About this task
All lines in the records below with the word "ultimately" must be returned.

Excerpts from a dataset

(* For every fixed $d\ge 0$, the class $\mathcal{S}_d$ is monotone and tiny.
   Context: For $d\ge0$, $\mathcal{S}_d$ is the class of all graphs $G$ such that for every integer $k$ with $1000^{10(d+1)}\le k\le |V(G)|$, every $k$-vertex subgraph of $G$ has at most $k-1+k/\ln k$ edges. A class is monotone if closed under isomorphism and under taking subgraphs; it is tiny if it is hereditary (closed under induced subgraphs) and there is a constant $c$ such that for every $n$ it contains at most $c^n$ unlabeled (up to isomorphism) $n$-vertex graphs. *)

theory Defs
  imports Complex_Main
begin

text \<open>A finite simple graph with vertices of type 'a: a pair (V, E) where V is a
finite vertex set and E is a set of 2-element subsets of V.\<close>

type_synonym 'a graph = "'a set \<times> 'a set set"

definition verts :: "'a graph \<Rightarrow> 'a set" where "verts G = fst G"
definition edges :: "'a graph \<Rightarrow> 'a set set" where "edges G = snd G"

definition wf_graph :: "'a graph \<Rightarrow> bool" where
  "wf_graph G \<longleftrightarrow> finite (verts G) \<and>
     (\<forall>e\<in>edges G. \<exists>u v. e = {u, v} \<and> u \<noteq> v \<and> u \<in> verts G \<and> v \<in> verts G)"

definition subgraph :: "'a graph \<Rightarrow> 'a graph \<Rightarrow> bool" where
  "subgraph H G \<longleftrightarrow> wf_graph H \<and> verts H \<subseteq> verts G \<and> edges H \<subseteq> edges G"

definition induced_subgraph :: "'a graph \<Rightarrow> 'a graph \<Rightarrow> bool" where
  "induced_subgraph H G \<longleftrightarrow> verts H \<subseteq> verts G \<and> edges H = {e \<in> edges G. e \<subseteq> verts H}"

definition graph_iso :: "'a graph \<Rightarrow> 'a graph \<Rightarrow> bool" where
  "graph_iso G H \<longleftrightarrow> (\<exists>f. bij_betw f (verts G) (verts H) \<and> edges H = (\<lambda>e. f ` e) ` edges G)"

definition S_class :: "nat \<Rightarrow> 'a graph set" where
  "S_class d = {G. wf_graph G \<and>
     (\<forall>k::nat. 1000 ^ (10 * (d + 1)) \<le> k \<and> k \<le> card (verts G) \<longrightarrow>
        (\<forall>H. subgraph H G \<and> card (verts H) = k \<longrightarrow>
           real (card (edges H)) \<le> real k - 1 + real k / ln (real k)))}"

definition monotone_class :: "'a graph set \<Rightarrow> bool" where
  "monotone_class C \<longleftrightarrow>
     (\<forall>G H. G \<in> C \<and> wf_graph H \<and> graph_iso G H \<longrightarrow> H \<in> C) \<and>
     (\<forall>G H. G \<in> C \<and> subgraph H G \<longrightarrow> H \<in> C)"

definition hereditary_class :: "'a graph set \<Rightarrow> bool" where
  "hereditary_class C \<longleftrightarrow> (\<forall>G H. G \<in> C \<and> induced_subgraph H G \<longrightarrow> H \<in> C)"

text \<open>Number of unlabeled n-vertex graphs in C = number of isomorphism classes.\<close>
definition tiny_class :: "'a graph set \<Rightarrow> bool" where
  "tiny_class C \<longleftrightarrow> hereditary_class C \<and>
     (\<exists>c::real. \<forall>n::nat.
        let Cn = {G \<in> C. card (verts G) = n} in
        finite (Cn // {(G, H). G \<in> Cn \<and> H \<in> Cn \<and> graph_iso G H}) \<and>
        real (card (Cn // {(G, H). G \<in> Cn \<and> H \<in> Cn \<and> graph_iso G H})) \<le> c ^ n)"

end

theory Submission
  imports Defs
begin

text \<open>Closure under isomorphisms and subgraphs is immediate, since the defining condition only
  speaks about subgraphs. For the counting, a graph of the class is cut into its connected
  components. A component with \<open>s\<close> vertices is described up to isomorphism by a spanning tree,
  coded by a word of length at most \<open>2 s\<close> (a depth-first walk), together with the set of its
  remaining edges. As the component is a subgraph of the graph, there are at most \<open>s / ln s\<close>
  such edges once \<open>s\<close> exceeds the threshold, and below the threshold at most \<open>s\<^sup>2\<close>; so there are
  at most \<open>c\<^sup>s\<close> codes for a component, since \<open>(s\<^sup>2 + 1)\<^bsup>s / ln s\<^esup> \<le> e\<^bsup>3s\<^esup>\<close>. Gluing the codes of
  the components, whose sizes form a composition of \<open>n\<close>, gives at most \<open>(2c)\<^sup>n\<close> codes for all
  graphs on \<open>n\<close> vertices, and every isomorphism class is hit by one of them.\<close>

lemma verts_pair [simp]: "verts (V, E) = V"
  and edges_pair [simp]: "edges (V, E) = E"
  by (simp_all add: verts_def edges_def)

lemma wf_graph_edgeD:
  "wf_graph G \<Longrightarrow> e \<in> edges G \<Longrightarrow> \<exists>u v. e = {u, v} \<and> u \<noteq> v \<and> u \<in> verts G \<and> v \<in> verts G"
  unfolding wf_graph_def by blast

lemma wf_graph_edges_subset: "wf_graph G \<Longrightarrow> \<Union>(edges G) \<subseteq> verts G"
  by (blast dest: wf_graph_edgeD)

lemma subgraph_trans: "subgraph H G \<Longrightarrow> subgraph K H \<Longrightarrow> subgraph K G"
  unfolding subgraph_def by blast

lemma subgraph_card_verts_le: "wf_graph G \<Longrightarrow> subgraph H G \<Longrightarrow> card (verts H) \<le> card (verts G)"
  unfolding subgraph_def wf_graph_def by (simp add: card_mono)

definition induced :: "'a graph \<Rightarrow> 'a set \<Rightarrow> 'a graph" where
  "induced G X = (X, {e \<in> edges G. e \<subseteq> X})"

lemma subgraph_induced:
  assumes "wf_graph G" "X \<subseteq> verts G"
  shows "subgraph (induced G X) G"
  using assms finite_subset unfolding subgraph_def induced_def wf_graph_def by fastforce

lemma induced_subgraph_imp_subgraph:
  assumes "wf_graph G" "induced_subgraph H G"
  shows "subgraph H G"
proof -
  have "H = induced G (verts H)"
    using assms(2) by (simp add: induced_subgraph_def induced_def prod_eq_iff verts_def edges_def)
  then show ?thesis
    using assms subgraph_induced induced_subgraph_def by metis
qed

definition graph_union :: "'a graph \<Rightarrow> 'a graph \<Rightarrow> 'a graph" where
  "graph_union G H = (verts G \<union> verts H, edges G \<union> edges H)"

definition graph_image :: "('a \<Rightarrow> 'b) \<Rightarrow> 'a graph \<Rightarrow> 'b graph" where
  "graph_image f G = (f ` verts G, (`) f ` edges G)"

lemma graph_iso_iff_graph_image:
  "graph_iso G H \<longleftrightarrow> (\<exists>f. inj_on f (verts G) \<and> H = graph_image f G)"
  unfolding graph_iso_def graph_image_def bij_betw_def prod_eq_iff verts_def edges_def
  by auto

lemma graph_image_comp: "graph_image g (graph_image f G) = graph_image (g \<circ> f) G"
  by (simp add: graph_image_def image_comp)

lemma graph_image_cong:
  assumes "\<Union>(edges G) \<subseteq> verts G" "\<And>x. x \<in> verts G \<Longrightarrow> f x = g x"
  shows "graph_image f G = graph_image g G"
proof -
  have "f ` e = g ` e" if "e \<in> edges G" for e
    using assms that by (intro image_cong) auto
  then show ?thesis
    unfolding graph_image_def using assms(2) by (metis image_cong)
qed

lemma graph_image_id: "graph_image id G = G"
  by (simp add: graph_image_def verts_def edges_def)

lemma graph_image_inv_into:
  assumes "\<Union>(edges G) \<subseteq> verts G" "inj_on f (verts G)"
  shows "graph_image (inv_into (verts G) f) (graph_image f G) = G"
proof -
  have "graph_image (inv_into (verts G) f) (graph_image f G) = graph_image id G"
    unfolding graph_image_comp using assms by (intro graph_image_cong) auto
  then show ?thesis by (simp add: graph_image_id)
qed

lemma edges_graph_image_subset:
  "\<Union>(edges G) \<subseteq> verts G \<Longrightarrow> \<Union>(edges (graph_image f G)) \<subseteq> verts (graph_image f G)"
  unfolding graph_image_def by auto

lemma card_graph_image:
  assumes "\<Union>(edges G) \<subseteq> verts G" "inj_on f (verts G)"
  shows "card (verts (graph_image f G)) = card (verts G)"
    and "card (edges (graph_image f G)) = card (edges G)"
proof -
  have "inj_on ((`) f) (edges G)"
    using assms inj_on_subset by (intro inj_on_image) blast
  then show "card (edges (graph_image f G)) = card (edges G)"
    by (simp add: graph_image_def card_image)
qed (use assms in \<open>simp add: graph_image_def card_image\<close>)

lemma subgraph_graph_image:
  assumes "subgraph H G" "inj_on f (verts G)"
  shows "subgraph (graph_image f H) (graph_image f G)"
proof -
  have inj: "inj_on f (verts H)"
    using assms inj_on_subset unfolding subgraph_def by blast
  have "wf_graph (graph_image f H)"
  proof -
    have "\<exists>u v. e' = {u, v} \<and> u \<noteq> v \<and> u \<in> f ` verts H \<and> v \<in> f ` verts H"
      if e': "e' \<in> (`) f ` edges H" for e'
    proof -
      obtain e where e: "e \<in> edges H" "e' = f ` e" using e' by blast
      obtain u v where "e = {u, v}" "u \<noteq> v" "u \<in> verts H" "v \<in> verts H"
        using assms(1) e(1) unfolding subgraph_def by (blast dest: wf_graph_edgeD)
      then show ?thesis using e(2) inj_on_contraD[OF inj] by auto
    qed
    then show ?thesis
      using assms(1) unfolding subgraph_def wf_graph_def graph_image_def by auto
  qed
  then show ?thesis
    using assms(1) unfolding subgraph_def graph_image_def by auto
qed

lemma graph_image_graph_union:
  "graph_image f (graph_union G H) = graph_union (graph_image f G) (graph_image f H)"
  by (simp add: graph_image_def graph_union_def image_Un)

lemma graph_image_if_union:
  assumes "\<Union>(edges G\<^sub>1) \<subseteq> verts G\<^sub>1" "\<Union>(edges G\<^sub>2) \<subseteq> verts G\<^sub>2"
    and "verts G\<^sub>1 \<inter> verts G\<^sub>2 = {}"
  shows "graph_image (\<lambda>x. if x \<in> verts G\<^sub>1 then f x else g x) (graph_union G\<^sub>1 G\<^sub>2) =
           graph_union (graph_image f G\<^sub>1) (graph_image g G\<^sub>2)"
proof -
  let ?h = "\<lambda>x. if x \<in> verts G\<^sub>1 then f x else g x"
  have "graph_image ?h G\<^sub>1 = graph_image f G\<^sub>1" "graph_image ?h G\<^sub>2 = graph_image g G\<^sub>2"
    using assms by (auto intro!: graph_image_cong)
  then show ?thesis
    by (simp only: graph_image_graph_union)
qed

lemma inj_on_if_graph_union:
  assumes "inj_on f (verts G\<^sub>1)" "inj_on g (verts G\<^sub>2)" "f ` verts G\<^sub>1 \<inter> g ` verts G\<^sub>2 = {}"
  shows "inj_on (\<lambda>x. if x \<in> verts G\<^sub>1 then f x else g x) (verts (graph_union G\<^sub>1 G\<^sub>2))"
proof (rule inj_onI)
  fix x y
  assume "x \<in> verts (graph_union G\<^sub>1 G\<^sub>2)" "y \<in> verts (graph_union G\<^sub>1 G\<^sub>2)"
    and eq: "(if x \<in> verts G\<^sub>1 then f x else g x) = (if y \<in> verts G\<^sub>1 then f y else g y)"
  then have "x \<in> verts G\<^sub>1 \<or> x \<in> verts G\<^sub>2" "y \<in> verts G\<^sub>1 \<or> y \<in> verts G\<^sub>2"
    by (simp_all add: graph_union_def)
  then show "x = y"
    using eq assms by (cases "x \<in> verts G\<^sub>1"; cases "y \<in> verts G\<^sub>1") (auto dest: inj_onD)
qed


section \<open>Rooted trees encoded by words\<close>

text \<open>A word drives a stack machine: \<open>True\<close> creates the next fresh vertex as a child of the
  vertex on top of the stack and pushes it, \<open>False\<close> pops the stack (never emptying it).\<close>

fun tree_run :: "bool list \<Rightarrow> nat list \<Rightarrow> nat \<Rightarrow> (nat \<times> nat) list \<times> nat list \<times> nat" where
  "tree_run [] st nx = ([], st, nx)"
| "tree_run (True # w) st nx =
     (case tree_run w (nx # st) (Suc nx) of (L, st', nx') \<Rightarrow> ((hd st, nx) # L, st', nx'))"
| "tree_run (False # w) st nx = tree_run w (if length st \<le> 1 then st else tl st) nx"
---
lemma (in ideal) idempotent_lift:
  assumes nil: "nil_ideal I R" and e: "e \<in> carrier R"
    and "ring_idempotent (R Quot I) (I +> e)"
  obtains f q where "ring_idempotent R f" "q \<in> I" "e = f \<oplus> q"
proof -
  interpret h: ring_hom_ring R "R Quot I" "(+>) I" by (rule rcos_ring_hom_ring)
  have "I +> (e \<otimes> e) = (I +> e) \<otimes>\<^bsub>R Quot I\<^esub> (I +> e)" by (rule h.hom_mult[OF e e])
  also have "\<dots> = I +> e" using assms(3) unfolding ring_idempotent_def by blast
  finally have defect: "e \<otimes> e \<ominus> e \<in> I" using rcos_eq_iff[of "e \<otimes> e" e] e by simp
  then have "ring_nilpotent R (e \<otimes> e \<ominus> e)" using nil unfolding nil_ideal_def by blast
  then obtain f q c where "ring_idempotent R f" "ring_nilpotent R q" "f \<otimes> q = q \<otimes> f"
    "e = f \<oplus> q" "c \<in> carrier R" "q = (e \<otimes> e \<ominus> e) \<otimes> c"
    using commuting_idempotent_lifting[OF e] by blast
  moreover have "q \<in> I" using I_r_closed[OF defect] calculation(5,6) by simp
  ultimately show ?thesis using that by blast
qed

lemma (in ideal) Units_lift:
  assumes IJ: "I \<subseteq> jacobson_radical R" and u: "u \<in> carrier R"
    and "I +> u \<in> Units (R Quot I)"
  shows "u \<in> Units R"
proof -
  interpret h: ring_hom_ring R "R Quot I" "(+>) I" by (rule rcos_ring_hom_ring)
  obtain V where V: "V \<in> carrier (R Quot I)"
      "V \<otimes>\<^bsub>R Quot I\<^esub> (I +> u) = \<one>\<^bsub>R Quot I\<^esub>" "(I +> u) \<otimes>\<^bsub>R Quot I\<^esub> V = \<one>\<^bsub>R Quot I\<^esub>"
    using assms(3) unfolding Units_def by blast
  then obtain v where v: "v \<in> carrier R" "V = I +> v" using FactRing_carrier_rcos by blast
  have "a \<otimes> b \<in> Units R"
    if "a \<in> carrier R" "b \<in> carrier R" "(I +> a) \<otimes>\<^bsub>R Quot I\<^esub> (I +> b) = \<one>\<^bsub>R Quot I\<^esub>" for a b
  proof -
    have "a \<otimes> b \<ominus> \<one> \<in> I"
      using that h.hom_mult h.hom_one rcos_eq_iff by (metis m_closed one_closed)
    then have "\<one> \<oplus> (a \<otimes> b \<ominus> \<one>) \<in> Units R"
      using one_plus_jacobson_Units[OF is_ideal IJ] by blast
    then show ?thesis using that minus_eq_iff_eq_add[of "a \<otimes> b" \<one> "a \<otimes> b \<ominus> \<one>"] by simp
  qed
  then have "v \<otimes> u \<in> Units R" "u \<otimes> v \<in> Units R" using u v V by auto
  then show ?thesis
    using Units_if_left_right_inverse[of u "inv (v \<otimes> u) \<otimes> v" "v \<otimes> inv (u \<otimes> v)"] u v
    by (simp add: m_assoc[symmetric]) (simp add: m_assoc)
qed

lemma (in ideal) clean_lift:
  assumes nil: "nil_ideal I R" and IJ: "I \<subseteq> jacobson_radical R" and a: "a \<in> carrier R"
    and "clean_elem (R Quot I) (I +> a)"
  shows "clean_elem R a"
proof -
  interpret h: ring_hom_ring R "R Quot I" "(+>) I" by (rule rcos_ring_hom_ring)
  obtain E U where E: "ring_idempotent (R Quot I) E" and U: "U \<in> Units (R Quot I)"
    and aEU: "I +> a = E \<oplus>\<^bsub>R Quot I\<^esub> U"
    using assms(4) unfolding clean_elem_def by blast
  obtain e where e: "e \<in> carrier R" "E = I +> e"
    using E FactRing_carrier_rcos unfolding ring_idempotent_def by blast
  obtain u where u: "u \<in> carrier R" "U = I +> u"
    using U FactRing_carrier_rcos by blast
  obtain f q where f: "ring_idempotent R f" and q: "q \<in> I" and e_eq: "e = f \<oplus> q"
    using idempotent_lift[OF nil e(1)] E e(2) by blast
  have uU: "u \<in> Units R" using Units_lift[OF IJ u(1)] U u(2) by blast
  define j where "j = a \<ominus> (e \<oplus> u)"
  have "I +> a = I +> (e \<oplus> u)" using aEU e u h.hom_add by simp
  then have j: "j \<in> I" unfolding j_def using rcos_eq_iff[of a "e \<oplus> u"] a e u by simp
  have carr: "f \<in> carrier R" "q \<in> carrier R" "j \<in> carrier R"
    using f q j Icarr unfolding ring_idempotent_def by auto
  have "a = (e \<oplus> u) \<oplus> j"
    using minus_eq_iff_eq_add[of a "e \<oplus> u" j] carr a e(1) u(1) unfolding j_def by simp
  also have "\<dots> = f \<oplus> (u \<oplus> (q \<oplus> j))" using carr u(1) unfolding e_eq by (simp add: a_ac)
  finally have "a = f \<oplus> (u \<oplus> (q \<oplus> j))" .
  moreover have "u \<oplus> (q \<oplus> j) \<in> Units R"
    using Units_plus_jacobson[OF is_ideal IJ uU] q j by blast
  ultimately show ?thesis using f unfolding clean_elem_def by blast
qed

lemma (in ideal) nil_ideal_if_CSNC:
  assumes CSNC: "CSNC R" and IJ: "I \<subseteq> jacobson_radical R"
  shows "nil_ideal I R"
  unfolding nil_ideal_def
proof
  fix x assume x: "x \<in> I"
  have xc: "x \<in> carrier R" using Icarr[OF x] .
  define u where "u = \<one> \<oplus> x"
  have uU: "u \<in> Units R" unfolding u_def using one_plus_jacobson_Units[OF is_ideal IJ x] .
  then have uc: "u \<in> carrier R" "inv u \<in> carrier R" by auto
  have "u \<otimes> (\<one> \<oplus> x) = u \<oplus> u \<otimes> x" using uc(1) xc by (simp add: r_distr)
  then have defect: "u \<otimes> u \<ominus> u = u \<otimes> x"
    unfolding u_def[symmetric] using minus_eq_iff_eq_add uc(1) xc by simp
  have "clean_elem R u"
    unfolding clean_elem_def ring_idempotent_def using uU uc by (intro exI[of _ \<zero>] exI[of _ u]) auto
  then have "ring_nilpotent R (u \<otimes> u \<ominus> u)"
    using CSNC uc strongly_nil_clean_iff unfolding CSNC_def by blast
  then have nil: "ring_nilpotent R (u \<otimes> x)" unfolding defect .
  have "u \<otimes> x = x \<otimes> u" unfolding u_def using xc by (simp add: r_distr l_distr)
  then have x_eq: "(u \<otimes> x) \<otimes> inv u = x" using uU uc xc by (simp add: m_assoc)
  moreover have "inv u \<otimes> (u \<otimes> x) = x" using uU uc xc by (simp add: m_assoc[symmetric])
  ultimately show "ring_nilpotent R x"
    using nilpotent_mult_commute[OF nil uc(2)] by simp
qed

Reply to the task
  ultimately show ?thesis using that by blast
  ultimately show ?thesis using f unfolding clean_elem_def by blast
  ultimately show "ring_nilpotent R x"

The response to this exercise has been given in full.